The Record Group Concept: A Critique

Mario D. Fenyo, "The Record Group Concept: A Critique," American Archivist 29 (April 1966): 229-239.

 

In this article, Mario Fenyo discusses the evolution of the term record group in the United States National Archives and offers some observations about its effectiveness in practice. Fenyo traces the origin of the term to a 1940 chance grouping of words in the Guide to the Material in the National Archives. Within a year the term was in vogue and had earned a specific definition as construed by Dr. Solon J. Buck, later to become Archivist of the United States.

Much of the foundational work in creating the use of record groups came from a 1940 committee composed of a variety of individuals including Buck, and a prominent German archivist named Ernst Posner and charged with evaluating existing National Archives' finding aids. Essentially, the committee, spearheaded by Buck, determined that a record group was " a major archival unit established somewhat arbitrarily with a due regard for provenance and to the desirability of making the unit of convenient size and character for the work of arrangement and description and for the publication of inventories." (233) The transition to full adoption of record groups was not instant; Buck himself continued to use the term archival group and records of the committee meetings are incomplete, leading to some confusion about the concept.

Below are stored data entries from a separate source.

(* Let $N\ge1$ and suppose the parameter space $\Theta$ of the correlated Bernoulli random graph model satisfies: (a) $\Theta$ is nondegenerate; (b) edge correlations are component-uniform, i.e. there is a function $\varrho_E:\Theta\to\mathbb{R}$ such that for all $\theta\in\Theta$ and all $i=1,\dots,N$, $\varrho_i(\theta)=\varrho_E(\theta)$; (c) $\Theta\not\subseteq\mathcal{R}^o$, i.e. there exists $\theta\in\Theta$ with $\varrho_E(\theta)\neq0$. Then there does not exist an unbiased estimator of $\varrho_E$, i.e. no statistic $S:\mathcal{X}\to\mathbb{R}$ satisfies $\mathbb{E}_\theta(S)=\varrho_E(\theta)$ for all $\theta\in\Theta$.
   Context: Correlated Bernoulli random graph model: fix a positive integer $N$ and let $\mathcal{R}=\{(p_1,\dots,p_N,\varrho_1,\dots,\varrho_N): p_i,\varrho_i\in[0,1]\}$; a parameter space is any $\Theta\subseteq\mathcal{R}$, and $\varrho_i(\theta)$ denotes the $(N+i)$th coordinate of $\theta$. For $\theta\in\Theta$, the pairs $(X_i,Y_i)$, $i=1,\dots,N$, of $\{0,1\}$-valued random variables are independent, $X_i,Y_i$ are marginally Bernoulli$(p_i)$ with Pearson correlation $\varrho_i$ (so $\mathbb{P}(X_i=Y_i=1)=p_i^2+\varrho_ip_i(1-p_i)$, $\mathbb{P}(X_i=Y_i=0)=(1-p_i)^2+\varrho_ip_i(1-p_i)$, $\mathbb{P}(X_i=1,Y_i=0)=\mathbb{P}(X_i=0,Y_i=1)=(1-\varrho_i)p_i(1-p_i)$). Sample space $\mathcal{X}=\{(x,y):x,y\in\{0,1\}^N\}$. Let $\mathcal{R}^o=\{(p_1,\dots,p_N,0,\dots,0):p_i\in\mathbb{R}\}$; $\Theta$ is nondegenerate if $\Theta\cap\mathcal{R}^o$ has an interior point relative to $\mathcal{R}^o$, i.e. there exist $z\in\Theta\cap\mathcal{R}^o$ and $\epsilon>0$ such that every point of $\mathcal{R}^o$ within distance $\epsilon$ of $z$ lies in $\Theta$. *)

theory Defs
  imports Complex_Main
begin

text \<open>Parameters theta = (p, rho) with p = (p_1..p_N), rho = (rho_1..rho_N) as real lists of
  length N (list index i corresponds to coordinate i+1). Samples (x, y) with x, y bit lists
  of length N (True = 1).\<close>

type_synonym param = "real list \<times> real list"
type_synonym sample = "bool list \<times> bool list"

definition param_R :: "nat \<Rightarrow> param set" where
  "param_R N = {(p, r). length p = N \<and> length r = N \<and>
                 (\<forall>i<N. 0 \<le> p ! i \<and> p ! i \<le> 1 \<and> 0 \<le> r ! i \<and> r ! i \<le> 1)}"

definition param_Ro :: "nat \<Rightarrow> param set" where
  "param_Ro N = {(p, r). length p = N \<and> length r = N \<and> (\<forall>i<N. r ! i = 0)}"
lemma angle_dispersion_le_cos_sum:
  fixes s t :: real
  assumes "0 \<le> s" "0 \<le> t" "s + t \<le> pi"
  shows "13/9 * angle_dispersion (2 * pi - (s + t)) s t \<le> 3/2 + cos (s + t) + cos s + cos t"
proof -
  define r where "r = s + t"
  define X where "X = (4 * pi / 3 - r)\<^sup>2"
  define Y where "Y = (s - t)\<^sup>2"
  define P where "P = pi\<^sup>2"
  have r: "0 \<le> r" "r \<le> pi" using assms by (auto simp: r_def)
  have "0 < P" by (simp add: P_def)
  have "Y \<le> r\<^sup>2"
    using assms unfolding Y_def r_def abs_le_square_iff[symmetric] by auto
  have bound: "13/9 * angle_dispersion (2 * pi - r) s t \<le> K"
    if "39 * X + 13 * Y \<le> 72 * K * P" for K
  proof -
    have "13/9 * angle_dispersion (2 * pi - r) s t = (39 * X + 13 * Y) / (72 * P)"
      by (simp add: angle_dispersion_def r_def X_def Y_def P_def field_simps power2_eq_square)
    also have "\<dots> \<le> 72 * K * P / (72 * P)"
      using that \<open>0 < P\<close> by (intro divide_right_mono) auto
    finally show ?thesis using \<open>0 < P\<close> by simp
  qed
  have sq: "(4 * pi / 3)\<^sup>2 = 16/9 * P" "(2 * pi / 3)\<^sup>2 = 4/9 * P"
    by (simp_all add: P_def power_divide power_mult_distrib)
  show ?thesis
  proof (cases "r \<le> 2 * pi / 3")
    case True
    have "X \<le> (4 * pi / 3)\<^sup>2" "r\<^sup>2 \<le> (2 * pi / 3)\<^sup>2"
      unfolding X_def using True r by (intro power_mono; simp)+
    then have "13/9 * angle_dispersion (2 * pi - r) s t \<le> 3/2"
      using \<open>Y \<le> r\<^sup>2\<close> \<open>0 < P\<close> unfolding sq by (intro bound) linarith
    moreover have "cos (pi / 3) \<le> cos (r / 2)"
      using True r by (intro cos_monotone_0_pi_le) auto
    then have "(1/2)\<^sup>2 \<le> (cos (r / 2))\<^sup>2"
      by (intro power_mono) (simp_all add: cos_60)
    then have "1/4 \<le> (cos (r / 2))\<^sup>2"
      by (simp add: power2_eq_square)
    ultimately show ?thesis
      using cos_sum_ge_cos_half_sum_sq[OF assms] unfolding r_def by linarith
  next
    case False
    have "X \<le> (2 * pi / 3)\<^sup>2" "r\<^sup>2 \<le> P"
      unfolding X_def P_def using False r by (intro power_mono; simp)+
    then have "13/9 * angle_dispersion (2 * pi - r) s t \<le> 1/2"
      using \<open>Y \<le> r\<^sup>2\<close> \<open>0 < P\<close> unfolding sq by (intro bound) linarith
    then show ?thesis
      using cos_sum_ge_cos_half_sum_sq[OF assms] zero_le_power2[of "cos (r / 2)"]
      unfolding r_def by linarith
  qed
qed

Nevertheless, registration of distinct record groups was begun under the watch of National Archives Director of Research and Records Description Oliver W. Holmes. The chief of each custodial division within the National Archives submitted lists of proposed record groups arrangements to Holmes who then made additions or deletions. After any number of revisions and negotiations, 109 record groups were identified. By the time of the writing of Fenyo's article, the number of record groups had swelled to 350.

Fenyo's criticism focuses on the lack of clear definitions and parameters surrounding the concept of the record group. Believing "no one seems to have an exact idea of what constituted or should constitute a record group," Fenyo demonstrates that significant decisions concerning the construction of record groups were entirely too arbitrary. (234) For example, separate record groups were fashioned if they were judged to be "of sufficient importance and magnitude, as well as separate enough in character, to deserve their own record group." Obviously, these guidelines are extremely subjective and not conducive to systematic or logical practices. Another point of contention is the size of the record group arrangement. The Farmer's Cooperative Service group contains less than one cubic foot of records while the Veterans Administration group has over 76,278 cubic feet of material. These stark differences indicate that the concept of "making the unit of convenient size and character" may need to be quantified or at least clarified.

On the whole, Fenyo succeeds in convincing the reader that, in 1966, the practice if not the concept of record groups required some specificity and revision. This article would be best utilized with a contrast of more recent scholarship on the record group which documents the changes in policy and practice since 1966.